Shell-less images - Most images ship without a shell or package manager. If an attacker gets code execution inside the container, they can't drop into a shell because there isn't one.
Scaling
The beauty of this setup is that adding a new image is straightforward. For images using Wolfi packages, create a new apko YAML config - declare the packages, set up the non-root user, define the entrypoint, and the pipeline handles the rest. For images that need custom builds, add a melange config to build from source, and apko pulls it in.

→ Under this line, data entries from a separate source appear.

lemma uniform_deviation_le_subgaussian:
  fixes \<zeta> :: "'o \<Rightarrow> 't" and S :: "'w::metric_space set"
    and G :: "'w \<Rightarrow> 't \<Rightarrow> 'h::{real_inner, second_countable_topology}" and LG :: "'t \<Rightarrow> real"
  assumes \<zeta>: "\<zeta> \<in> measurable P M" and law: "distr P M \<zeta> = M"
    and S: "compact (closure S)"
    and G_cont: "\<And>\<theta>. \<theta> \<in> space M \<Longrightarrow> continuous_on S (\<lambda>w. G w \<theta>)"
    and G_meas: "\<And>w. w \<in> S \<Longrightarrow> G w \<in> borel_measurable M"
    and G_lip: "\<And>\<theta>. \<theta> \<in> space M \<Longrightarrow> (LG \<theta>)-lipschitz_on S (\<lambda>w. G w \<theta>)"
    and LG_int: "integrable P (\<lambda>\<omega>. LG (\<zeta> \<omega>))"
    and G_int: "\<And>w. w \<in> S \<Longrightarrow> integrable P (\<lambda>\<omega>. G w (\<zeta> \<omega>))"
    and \<tau>: "\<tau> > 0"
    and subgaussian: "\<And>w. w \<in> S \<Longrightarrow>
      (\<integral>\<^sup>+\<omega>. ennreal (exp ((norm (G w (\<zeta> \<omega>) - (\<integral>\<omega>'. G w (\<zeta> \<omega>') \<partial>P)))\<^sup>2 / \<tau>\<^sup>2)) \<partial>P) \<le> ennreal (exp 1)"
    and \<nu>: "\<nu> > 0" and N: "N > 0"
  shows "(\<integral>\<^sup>+\<omega>. (SUP w\<in>S. ennreal (dist (\<integral>\<omega>'. G w (\<zeta> \<omega>') \<partial>P) (sample_mean N (G w) \<omega>))) \<partial>P)
    \<le> ennreal (2 * (\<integral>\<omega>. LG (\<zeta> \<omega>) \<partial>P) * \<nu> + sqrt 3 * \<tau> / sqrt N * sqrt (covering_number \<nu> S))"
proof -
  define g where "g w = (\<integral>\<omega>. G w (\<zeta> \<omega>) \<partial>P)" for w
  obtain K where K[measurable]: "K \<in> borel_measurable M" and K_le: "\<And>\<theta>. \<theta> \<in> space M \<Longrightarrow> K \<theta> \<le> LG \<theta>"
    and K_lip: "\<And>\<theta>. \<theta> \<in> space M \<Longrightarrow> (K \<theta>)-lipschitz_on S (\<lambda>w. G w \<theta>)"
    using measurable_lipschitz_modulus[OF S G_cont G_meas G_lip] by blast
  note K_nonneg = lipschitz_on_nonneg[OF K_lip]
  have K_int: "integrable M K" and K_integral: "(\<integral>\<theta>. K \<theta> \<partial>M) \<le> (\<integral>\<omega>. LG (\<zeta> \<omega>) \<partial>P)"
    using integrable_law_dominated[OF \<zeta> law K K_nonneg K_le LG_int]
      integral_law_dominated_le[OF \<zeta> law K K_nonneg K_le LG_int] by blast+
  have "(\<integral>\<omega>. K (\<zeta> \<omega>) \<partial>P)-lipschitz_on S g"
    unfolding g_def
  proof (rule lipschitz_on_integral)
    show "(K (\<zeta> \<omega>))-lipschitz_on S (\<lambda>w. G w (\<zeta> \<omega>))" if "\<omega> \<in> space P" for \<omega>
      using that by (rule K_lip[OF measurable_space[OF \<zeta>]])
    show "integrable P (\<lambda>\<omega>. K (\<zeta> \<omega>))"
      using K_int integrable_distr_eq[OF \<zeta> K] law by simp
  qed (rule G_int)
  then have g_lip: "(\<integral>\<theta>. K \<theta> \<partial>M)-lipschitz_on S g"
    using integral_distr[OF \<zeta> K] law by simp
  have square: "integrable M (\<lambda>\<theta>. (norm (G w \<theta> - g w))\<^sup>2)"
    and variance: "(\<integral>\<theta>. (norm (G w \<theta> - g w))\<^sup>2 \<partial>M) \<le> (sqrt 3 * \<tau>)\<^sup>2" if "w \<in> S" for w
    using integrable_norm_power2_law_of_exp_moment[where f="\<lambda>\<theta>. G w \<theta> - g w", OF \<zeta> law _ \<tau>]
      integral_norm_power2_law_le_of_exp_moment[where f="\<lambda>\<theta>. G w \<theta> - g w", OF \<zeta> law _ \<tau>]
      G_meas[OF that] subgaussian[OF that, folded g_def]
    by (simp_all add: power_mult_distrib)
  have "(\<integral>\<^sup>+\<omega>. (SUP w\<in>S. ennreal (dist (g w) (sample_mean N (G w) \<omega>))) \<partial>P)
      \<le> ennreal (2 * (\<integral>\<theta>. K \<theta> \<partial>M) * \<nu> + sqrt (covering_number \<nu> S) * (sqrt 3 * \<tau>) / sqrt N)"
  proof (rule uniform_deviation_le[OF S G_meas K_int K_lip g_lip _ square variance _ \<nu> N])
    show "(\<integral>\<theta>. inner a (G w \<theta> - g w) \<partial>M) = 0" if "w \<in> S" for w a
      unfolding g_def using G_meas[OF that] G_int[OF that]
      by (rule integral_inner_centered_law[OF P.prob_space_axioms \<zeta> law])
  qed (use \<tau> in \<open>auto intro: mult_pos_pos\<close>)
  also have "\<dots> \<le> ennreal (2 * (\<integral>\<omega>. LG (\<zeta> \<omega>) \<partial>P) * \<nu> + sqrt 3 * \<tau> / sqrt N * sqrt (covering_number \<nu> S))"
    using K_integral \<nu> by (intro ennreal_leI add_mono mult_right_mono) (simp_all add: ac_simps)
  finally show ?thesis unfolding g_def .
qed

end


theorem propositionA2:
  fixes \<mu> :: "'t measure"
    and P :: "'o measure"
    and \<zeta> :: "'o \<Rightarrow> 't"
    and \<zeta>s :: "nat \<Rightarrow> 'o \<Rightarrow> 't"
    and V0 :: "'v::banach set"
    and B :: "'v \<Rightarrow> 'w::banach"
    and G :: "'w \<Rightarrow> 't \<Rightarrow> 'h::{real_inner, complete_space, second_countable_topology}"
    and LG :: "'t \<Rightarrow> real"
    and \<tau> \<nu> :: real
    and N :: nat
  assumes mu: "prob_space \<mu>" "complete_measure \<mu>"
    and P: "prob_space P" "complete_measure P"
    and zeta: "\<zeta> \<in> measurable P \<mu>"
    and zetas: "\<And>i. \<zeta>s i \<in> measurable P \<mu>"
    and zeta_law: "distr P \<mu> \<zeta> = \<mu>"
    and zetas_dist: "\<And>i. distr P \<mu> (\<zeta>s i) = distr P \<mu> \<zeta>"
    and zetas_indep: "prob_space.indep_vars P (\<lambda>_. \<mu>) \<zeta>s {1..}"
    and refl: "reflexive_space TYPE('v)"
    and V0: "V0 \<noteq> {}" "closed V0" "bounded V0" "convex V0"
    and B: "compact_linear_op B"
    and G_cont: "\<And>\<theta>. \<theta> \<in> space \<mu> \<Longrightarrow> continuous_on (B ` V0) (\<lambda>w. G w \<theta>)"
    and G_meas: "\<And>w. w \<in> B ` V0 \<Longrightarrow> (\<lambda>\<theta>. G w \<theta>) \<in> borel_measurable \<mu>"
    and LG_nonneg: "\<And>\<theta>. \<theta> \<in> space \<mu> \<Longrightarrow> 0 \<le> LG \<theta>"
    and LG_int: "integrable P (\<lambda>\<omega>. LG (\<zeta> \<omega>))"
    and G_lip: "\<And>\<theta> w w'. \<theta> \<in> space \<mu> \<Longrightarrow> w \<in> B ` V0 \<Longrightarrow> w' \<in> B ` V0 \<Longrightarrow>
                  norm (G w \<theta> - G w' \<theta>) \<le> LG \<theta> * norm (w - w')"
    and G_int: "\<And>w. w \<in> B ` V0 \<Longrightarrow> integrable P (\<lambda>\<omega>. G w (\<zeta> \<omega>))"
    and tau: "\<tau> > 0"
    and G_subgauss: "\<And>w. w \<in> B ` V0 \<Longrightarrow>
          (\<integral>\<^sup>+ \<omega>. ennreal (exp ((norm (G w (\<zeta> \<omega>) - (\<integral>\<omega>'. G w (\<zeta> \<omega>') \<partial>P)))\<^sup>2 / \<tau>\<^sup>2)) \<partial>P)
            \<le> ennreal (exp 1)"
    and nu: "\<nu> > 0"
    and N: "N > 0"
  shows "(\<integral>\<^sup>+ \<omega>. (SUP v\<in>V0. ennreal (norm ((\<integral>\<omega>'. G (B v) (\<zeta> \<omega>') \<partial>P)
                       - (\<Sum>i=1..N. G (B v) (\<zeta>s i \<omega>)) /\<^sub>R real N))) \<partial>P)
       = (\<integral>\<^sup>+ \<omega>. (SUP w\<in>B ` V0. ennreal (norm ((\<integral>\<omega>'. G w (\<zeta> \<omega>') \<partial>P)
                       - (\<Sum>i=1..N. G w (\<zeta>s i \<omega>)) /\<^sub>R real N))) \<partial>P)
     \<and> (\<integral>\<^sup>+ \<omega>. (SUP w\<in>B ` V0. ennreal (norm ((\<integral>\<omega>'. G w (\<zeta> \<omega>') \<partial>P)
                       - (\<Sum>i=1..N. G w (\<zeta>s i \<omega>)) /\<^sub>R real N))) \<partial>P)
       \<le> ennreal (2 * (\<integral>\<omega>. LG (\<zeta> \<omega>) \<partial>P) * \<nu>
                  + sqrt 3 * \<tau> / sqrt (real N) * sqrt (real (covering_number \<nu> (B ` V0))))"
proof -
  have law: "\<And>i. distr P \<mu> (\<zeta>s i) = \<mu>" using zetas_dist zeta_law by simp
  interpret iid_sequence P \<mu> \<zeta>s
    by (intro iid_sequence.intro iid_sequence_axioms.intro P(1) mu(1) zetas law zetas_indep)
  have S: "compact (closure (B ` V0))"
    using B V0(3) by (rule compact_closure_image_compact_linear_op)
  have lip: "(LG \<theta>)-lipschitz_on (B ` V0) (\<lambda>w. G w \<theta>)" if "\<theta> \<in> space \<mu>" for \<theta>
    using G_lip[OF that] LG_nonneg[OF that] by (intro lipschitz_onI) (simp_all add: dist_norm)
  have "(\<integral>\<^sup>+ \<omega>. (SUP w\<in>B ` V0. ennreal (norm ((\<integral>\<omega>'. G w (\<zeta> \<omega>') \<partial>P)
                       - (\<Sum>i=1..N. G w (\<zeta>s i \<omega>)) /\<^sub>R real N))) \<partial>P)
       \<le> ennreal (2 * (\<integral>\<omega>. LG (\<zeta> \<omega>) \<partial>P) * \<nu>
                  + sqrt 3 * \<tau> / sqrt (real N) * sqrt (real (covering_number \<nu> (B ` V0))))"
    using uniform_deviation_le_subgaussian[OF zeta zeta_law S G_cont G_meas lip LG_int G_int tau
        G_subgauss nu N]
    unfolding sample_mean_def dist_norm .
  then show ?thesis by (simp only: image_image simp_thms)
qed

The project currently covers Python, Node.js, Bun, Go, Nginx, HTTPD, Redis, PostgreSQL, SQLite, .NET, Java, Jenkins, PHP, and Rails - with more being added. But the pattern scales to whatever you need. The entire system is declarative - no imperative Dockerfile logic to debug, no layer caching surprises, no forgotten cleanup commands.
Where a typical Debian-based image might have 100+ CVEs and take weeks to get patches, these images typically have zero to five CVEs and get patches within 48 hours of upstream fixes. All images run as non-root, most have no shell, and everything is signed with an SBOM.
The project is open source at github.com/rtvkiz/minimal. If you're running containers in production, scan what you're using today. The results might surprise you. And if the pre-built images don't fit your needs, fork it - the entire build system is designed to be extensible.